▶ [WORK TO BE COMPLETED]: Provide the number of lines in the material containing the word "that", with nothing added.

▶ [DATASET EXCERPTS]:
● ● ●
(* For $\mu\in[-\pi,\pi)$ and $\rho\in[0,1)$, let $\operatorname{WC}(\mu,\rho)$ denote the wrapped Cauchy distribution on $[-\pi,\pi)$ with density $\frac{1}{2\pi}\frac{1-\rho^2}{1+\rho^2-2\rho\cos(\theta-\mu)}$. Suppose $\Theta\mid\nu\sim\operatorname{WC}(\nu,\rho_1)$ with known $\rho_1\in[0,1)$, and the prior distribution of $\nu$ is $\operatorname{WC}(\mu_2,\rho_2)$ with $\mu_2\in[-\pi,\pi)$, $\rho_2\in[0,1)$. Then for $\mu_1\in[-\pi,\pi)$, the posterior distribution of $\nu$ given $\Theta=\mu_1$ has density $$f(\nu)=C\left[\{1+\rho_1^2-2\rho_1\cos(\nu-\mu_1)\}\{1+\rho_2^2-2\rho_2\cos(\nu-\mu_2)\}\right]^{-1},\qquad -\pi\le\nu<\pi,$$ where $C=\dfrac{(1-\rho_1^2)(1-\rho_2^2)\{1+\rho_1^2\rho_2^2-2\rho_1\rho_2\cos(\mu_1-\mu_2)\}}{2\pi(1-\rho_1^2\rho_2^2)}$. *)

theory Defs
  imports "HOL-Analysis.Analysis"
begin

definition wc_density :: "real \<Rightarrow> real \<Rightarrow> real \<Rightarrow> real" where
  "wc_density mu rho theta =
     (1 / (2 * pi)) * ((1 - rho\<^sup>2) / (1 + rho\<^sup>2 - 2 * rho * cos (theta - mu)))"

definition posterior_density :: "real \<Rightarrow> real \<Rightarrow> real \<Rightarrow> real \<Rightarrow> real \<Rightarrow> real" where
  "posterior_density rho1 mu2 rho2 theta nu =
     wc_density nu rho1 theta * wc_density mu2 rho2 nu /
     integral {-pi..pi} (\<lambda>nu'. wc_density nu' rho1 theta * wc_density mu2 rho2 nu')"

end

theory Submission
  imports Defs "HOL-Complex_Analysis.Cauchy_Integral_Formula"
begin

text \<open>The real part of the Herglotz kernel \<open>(1 + q z) / (1 - q z)\<close> on the unit circle is
  the Poisson kernel, which is the wrapped Cauchy density up to the factor \<open>2\<pi>\<close>. Writing both
  likelihood and prior this way, their product is the real part of a function holomorphic on the
  closed disc plus a Cauchy integrand with a pole at \<open>\<rho>\<^sub>2 exp (i \<mu>\<^sub>2)\<close>, because the
  conjugate of a Herglotz kernel on the circle is again rational in \<open>z\<close>. Cauchy's integral
  formula then shows that the marginal density of \<open>\<Theta>\<close> is \<open>WC(\<mu>\<^sub>2, \<rho>\<^sub>1\<rho>\<^sub>2)\<close>, and the posterior
  follows from Bayes' formula by algebra.\<close>

definition poisson_kernel :: "real \<Rightarrow> real \<Rightarrow> real" where
  "poisson_kernel r a = (1 - r\<^sup>2) / (1 + r\<^sup>2 - 2 * r * cos a)"

definition herglotz_kernel :: "complex \<Rightarrow> complex \<Rightarrow> complex" where
  "herglotz_kernel q z = (1 + q * z) / (1 - q * z)"

lemma wc_density_eq_poisson_kernel:
  "wc_density mu rho theta = poisson_kernel rho (theta - mu) / (2 * pi)"
  by (simp add: wc_density_def poisson_kernel_def)

lemma poisson_kernel_denominator_pos:
  fixes r a :: real
  assumes "0 \<le> r" "r < 1"
  shows "1 + r\<^sup>2 - 2 * r * cos a > 0"
proof -
  have "r * cos a \<le> r" using assms by (simp add: mult_left_le)
  hence "1 + r\<^sup>2 - 2 * r * cos a \<ge> (1 - r)\<^sup>2" by (simp add: power2_eq_square algebra_simps)
  moreover have "(1 - r)\<^sup>2 > 0" using assms by simp
  ultimately show ?thesis by linarith
qed

lemma poisson_kernel_even: "poisson_kernel r (- a) = poisson_kernel r a"
  by (simp add: poisson_kernel_def)

lemma Re_herglotz_kernel_cis: "Re (herglotz_kernel (of_real r) (cis a)) = poisson_kernel r a"
proof -
  have "(1 - r * cos a)\<^sup>2 + (r * sin a)\<^sup>2 = 1 + r\<^sup>2 - 2 * r * cos a"
    using sin_cos_squared_add[of a] by algebra
  moreover have "(1 + r * cos a) * (1 - r * cos a) - (r * sin a)\<^sup>2 = 1 - r\<^sup>2"
    using sin_cos_squared_add[of a] by algebra
  ultimately show ?thesis
    by (simp add: herglotz_kernel_def poisson_kernel_def Re_divide cmod_power2 power2_eq_square)
qed

lemma herglotz_kernel_holomorphic:
  assumes "norm q < 1"
  shows "herglotz_kernel q holomorphic_on cball 0 1"
proof -
  have "q * z \<noteq> 1" if "z \<in> cball 0 1" for z
  proof
    assume "q * z = 1"
    hence "norm q * norm z = 1" by (metis norm_mult norm_one)
    moreover have "norm q * norm z \<le> norm q" using that mult_left_le[of "norm z" "norm q"] by simp
    ultimately show False using assms by simp
  qed
  thus ?thesis unfolding herglotz_kernel_def by (auto intro!: holomorphic_intros)
qed

text \<open>On the unit circle \<open>cnj z = 1 / z\<close>, so conjugation keeps the kernel rational in \<open>z\<close>.\<close>

lemma cnj_herglotz_kernel_on_circle:
  assumes "norm z = 1" and "z \<noteq> cnj q"
  shows "cnj (herglotz_kernel q z) = 2 * z / (z - cnj q) - 1"
proof -
  have z0: "z \<noteq> 0" using assms(1) by auto
  have "cnj z = 1 / z"
    using z0 assms(1) complex_norm_square[of z] by (simp add: field_simps)
  hence "cnj (herglotz_kernel q z) = (1 + cnj q / z) / (1 - cnj q / z)"
    by (simp add: herglotz_kernel_def)
  also have "\<dots> = 2 * z / (z - cnj q) - 1"
    using z0 assms(2) by (simp add: field_simps)
  finally show ?thesis .
qed

lemma Cauchy_integral_formula_unit_circle:
  fixes f :: "complex \<Rightarrow> complex"
  assumes holf: "f holomorphic_on cball 0 1" and w: "norm w < 1"
  shows "((\<lambda>t. f (cis t) * cis t / (cis t - w)) has_integral (2 * pi * f w)) {-pi..pi}"
proof -
  text \<open>The circle path starts at \<open>1\<close>; reflecting \<open>f\<close> lets \<open>cis (t - \<pi>) = - cis t\<close> move
    the parameter interval from \<open>[0, 2\<pi>]\<close> to \<open>[-\<pi>, \<pi>]\<close>.\<close>
  have "(\<lambda>u. f (- u)) holomorphic_on cball 0 1"
    using holf by (auto intro!: holomorphic_on_compose_gen[where g=f and f=uminus, unfolded o_def]
        holomorphic_intros)
  hence "((\<lambda>u. f (- u) / (u - (- w))) has_contour_integral (2 * of_real pi * \<i> * f (- (- w))))
      (circlepath 0 1)"
    by (rule Cauchy_integral_circlepath_simple) (use w in simp)
  hence "((\<lambda>t. f (- cis t) / (cis t + w) * \<i> * cis t) has_integral (2 * pi * \<i> * f w)) {0..2*pi}"
    unfolding circlepath_def by (subst (asm) has_contour_integral_part_circlepath_iff) auto
  hence "((\<lambda>t. f (- cis t) / (cis t + w) * \<i> * cis t / \<i>) has_integral (2 * pi * \<i> * f w / \<i>))
      {0..2*pi}"
    by (rule has_integral_divide)
  moreover have "2 * pi * \<i> * f w / \<i> = 2 * pi * f w" by simp
  moreover have "f (- cis t) / (cis t + w) * \<i> * cis t / \<i>
      = f (cis (t - pi)) * cis (t - pi) / (cis (t - pi) - w)" for t
  proof -
    have "cis (t - pi) = - cis t" by (simp add: complex_eq_iff)
    moreover have nonzero: "cis t + w \<noteq> 0"
      using w by (metis add_eq_0_iff norm_cis norm_minus_cancel order.irrefl)
    moreover have "- cis t - w \<noteq> 0"
      using nonzero by (metis minus_add_distrib diff_conv_add_uminus neg_equal_0_iff_equal)
    ultimately show ?thesis by (simp add: field_simps)
  qed
  ultimately have "((\<lambda>t. f (cis (t - pi)) * cis (t - pi) / (cis (t - pi) - w))
      has_integral (2 * pi * f w)) {0..2*pi}"
    by (simp only:)
  hence "((\<lambda>t. f (cis t) * cis t / (cis t - w)) has_integral (2 * pi * f w)) (cbox (0 + - pi) (2*pi + - pi))"
    by (intro has_integral_shift_cbox_iff[THEN iffD1]) (simp add: o_def)
  thus ?thesis by simp
qed

lemma mean_value_unit_circle:
  fixes f :: "complex \<Rightarrow> complex"
  assumes "f holomorphic_on cball 0 1"
  shows "((\<lambda>t. f (cis t)) has_integral (2 * pi * f 0)) {-pi..pi}"
  using Cauchy_integral_formula_unit_circle[OF assms, of 0] by simp

lemma poisson_kernel_convolution:
  fixes r1 r2 m1 m2 :: real
  assumes "0 \<le> r1" "r1 < 1" and "0 \<le> r2" "r2 < 1"
  shows "((\<lambda>t. poisson_kernel r1 (t - m1) * poisson_kernel r2 (t - m2))
    has_integral (2 * pi * poisson_kernel (r1 * r2) (m2 - m1))) {-pi..pi}"
proof -
  define F1 where "F1 = herglotz_kernel (of_real r1 * cis (- m1))"
  define F2 where "F2 = herglotz_kernel (of_real r2 * cis (- m2))"
  define p where "p = of_real r2 * cis m2"
  have p: "norm p < 1" using assms by (simp add: p_def norm_mult)
  have hol1: "F1 holomorphic_on cball 0 1"
    unfolding F1_def using assms by (intro herglotz_kernel_holomorphic) (simp add: norm_mult)
  have hol2: "F2 holomorphic_on cball 0 1"
    unfolding F2_def using assms by (intro herglotz_kernel_holomorphic) (simp add: norm_mult)
  have shift: "herglotz_kernel (of_real r * cis (- m)) (cis t) = herglotz_kernel (of_real r) (cis (t - m))"
    for r m t
  proof -
    have "of_real r * cis (- m) * cis t = of_real r * cis (t - m)"
      by (simp add: mult.assoc cis_mult)
    thus ?thesis by (simp only: herglotz_kernel_def)
  qed
  have integrand: "poisson_kernel r1 (t - m1) * poisson_kernel r2 (t - m2)
      = Re ((F1 (cis t) * F2 (cis t) + 2 * (F1 (cis t) * cis t / (cis t - p)) - F1 (cis t)) / 2)"
    for t
  proof -
    have "cis t \<noteq> p" using p by auto
    hence cnj_F2: "cnj (F2 (cis t)) = 2 * cis t / (cis t - p) - 1"
      unfolding F2_def p_def by (subst cnj_herglotz_kernel_on_circle) (auto simp: cis_cnj)
    have "Re (F1 (cis t)) * Re (F2 (cis t))
        = Re ((F1 (cis t) * F2 (cis t) + F1 (cis t) * cnj (F2 (cis t))) / 2)"
      by (simp add: algebra_simps)
    also have "\<dots> = Re ((F1 (cis t) * F2 (cis t) + 2 * (F1 (cis t) * cis t / (cis t - p)) - F1 (cis t)) / 2)"
      unfolding cnj_F2 by (simp add: right_diff_distrib mult_ac)
    finally have "Re (F1 (cis t)) * Re (F2 (cis t))
        = Re ((F1 (cis t) * F2 (cis t) + 2 * (F1 (cis t) * cis t / (cis t - p)) - F1 (cis t)) / 2)" .
    thus ?thesis by (simp add: F1_def F2_def shift Re_herglotz_kernel_cis)
  qed
  have "((\<lambda>t. (F1 (cis t) * F2 (cis t) + 2 * (F1 (cis t) * cis t / (cis t - p)) - F1 (cis t)) / 2)
      has_integral ((2 * pi * (F1 0 * F2 0) + 2 * (2 * pi * F1 p) - 2 * pi * F1 0) / 2)) {-pi..pi}"
    using hol1 hol2
    by (intro has_integral_divide has_integral_diff has_integral_add has_integral_mult_right
        mean_value_unit_circle Cauchy_integral_formula_unit_circle p holomorphic_intros)
  moreover have "(2 * pi * (F1 0 * F2 0) + 2 * (2 * pi * F1 p) - 2 * pi * F1 0) / 2
      = 2 * pi * herglotz_kernel (of_real (r1 * r2)) (cis (m2 - m1))"
  proof -
    have cis_diff: "cis (- m1) * cis m2 = cis (m2 - m1)" by (simp add: cis_mult)
    have "F1 p = herglotz_kernel (of_real (r1 * r2)) (cis (m2 - m1))"
      by (simp add: F1_def p_def herglotz_kernel_def mult_ac flip: cis_diff)
    moreover have "F1 0 = 1" "F2 0 = 1" by (simp_all add: F1_def F2_def herglotz_kernel_def)
    ultimately show ?thesis by simp
  qed
  ultimately have complex_integral:
    "((\<lambda>t. (F1 (cis t) * F2 (cis t) + 2 * (F1 (cis t) * cis t / (cis t - p)) - F1 (cis t)) / 2)
      has_integral (2 * pi * herglotz_kernel (of_real (r1 * r2)) (cis (m2 - m1)))) {-pi..pi}"
    by (simp only:)
  have "Re (2 * pi * herglotz_kernel (of_real (r1 * r2)) (cis (m2 - m1)))
      = 2 * pi * poisson_kernel (r1 * r2) (m2 - m1)"
    using Re_herglotz_kernel_cis[of "r1 * r2" "m2 - m1"] by simp
  with has_integral_Re[OF complex_integral] show ?thesis
    unfolding integrand by (simp only:)
qed

lemma wc_marginal_density:
  fixes rho1 rho2 mu theta :: real
  assumes "0 \<le> rho1" "rho1 < 1" and "0 \<le> rho2" "rho2 < 1"
  shows "((\<lambda>nu. wc_density nu rho1 theta * wc_density mu rho2 nu)
    has_integral wc_density mu (rho1 * rho2) theta) {-pi..pi}"
proof -
  have "wc_density nu rho1 theta * wc_density mu rho2 nu
      = poisson_kernel rho1 (nu - theta) * poisson_kernel rho2 (nu - mu) / (2 * pi)^2" for nu
    using poisson_kernel_even[of rho1 "nu - theta"]
    by (simp add: wc_density_eq_poisson_kernel power2_eq_square)
  moreover have "wc_density mu (rho1 * rho2) theta
      = 2 * pi * poisson_kernel (rho1 * rho2) (mu - theta) / (2 * pi)^2"
    using poisson_kernel_even[of "rho1 * rho2" "mu - theta"]
    by (simp add: wc_density_eq_poisson_kernel power2_eq_square)
  ultimately show ?thesis
    using has_integral_divide[OF poisson_kernel_convolution[OF assms, of theta mu], of "(2 * pi)^2"]
    by simp
qed

theorem theorem7:
  fixes rho1 rho2 mu1 mu2 nu :: real
  assumes "rho1 \<in> {0..<1}" and "rho2 \<in> {0..<1}"
    and "mu1 \<in> {-pi..<pi}" and "mu2 \<in> {-pi..<pi}"
    and "nu \<in> {-pi..<pi}"
  shows "posterior_density rho1 mu2 rho2 mu1 nu =
    ((1 - rho1\<^sup>2) * (1 - rho2\<^sup>2) * (1 + rho1\<^sup>2 * rho2\<^sup>2 - 2 * rho1 * rho2 * cos (mu1 - mu2))
       / (2 * pi * (1 - rho1\<^sup>2 * rho2\<^sup>2)))
    / ((1 + rho1\<^sup>2 - 2 * rho1 * cos (nu - mu1)) * (1 + rho2\<^sup>2 - 2 * rho2 * cos (nu - mu2)))"
proof -
  have r1: "0 \<le> rho1" "rho1 < 1" and r2: "0 \<le> rho2" "rho2 < 1" using assms(1,2) by auto
  have r12: "0 \<le> rho1 * rho2" "rho1 * rho2 < 1"
    using r1 r2 mult_left_le[of rho2 rho1] by auto
  have marginal: "integral {-pi..pi} (\<lambda>nu'. wc_density nu' rho1 mu1 * wc_density mu2 rho2 nu')
      = wc_density mu2 (rho1 * rho2) mu1"
    by (rule integral_unique[OF wc_marginal_density[OF r1 r2]])
  have "posterior_density rho1 mu2 rho2 mu1 nu
      = poisson_kernel rho1 (nu - mu1) * poisson_kernel rho2 (nu - mu2)
        / (2 * pi * poisson_kernel (rho1 * rho2) (mu1 - mu2))"
    unfolding posterior_density_def marginal
    using poisson_kernel_even[of rho1 "nu - mu1"] poisson_kernel_even[of "rho1 * rho2" "mu1 - mu2"]
    by (simp add: wc_density_eq_poisson_kernel)
  moreover have "1 + rho1\<^sup>2 - 2 * rho1 * cos (nu - mu1) > 0" "1 + rho2\<^sup>2 - 2 * rho2 * cos (nu - mu2) > 0"
    "1 + (rho1 * rho2)\<^sup>2 - 2 * (rho1 * rho2) * cos (mu1 - mu2) > 0"
    using poisson_kernel_denominator_pos r1 r2 r12 by auto
  moreover have "1 - (rho1 * rho2)\<^sup>2 > 0" using r12 by (simp add: abs_square_less_1)
  ultimately show ?thesis
    by (simp add: poisson_kernel_def power_mult_distrib mult_ac)
qed

end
● ● ●
▶ [RESULT OF THE EXERCISE]: 2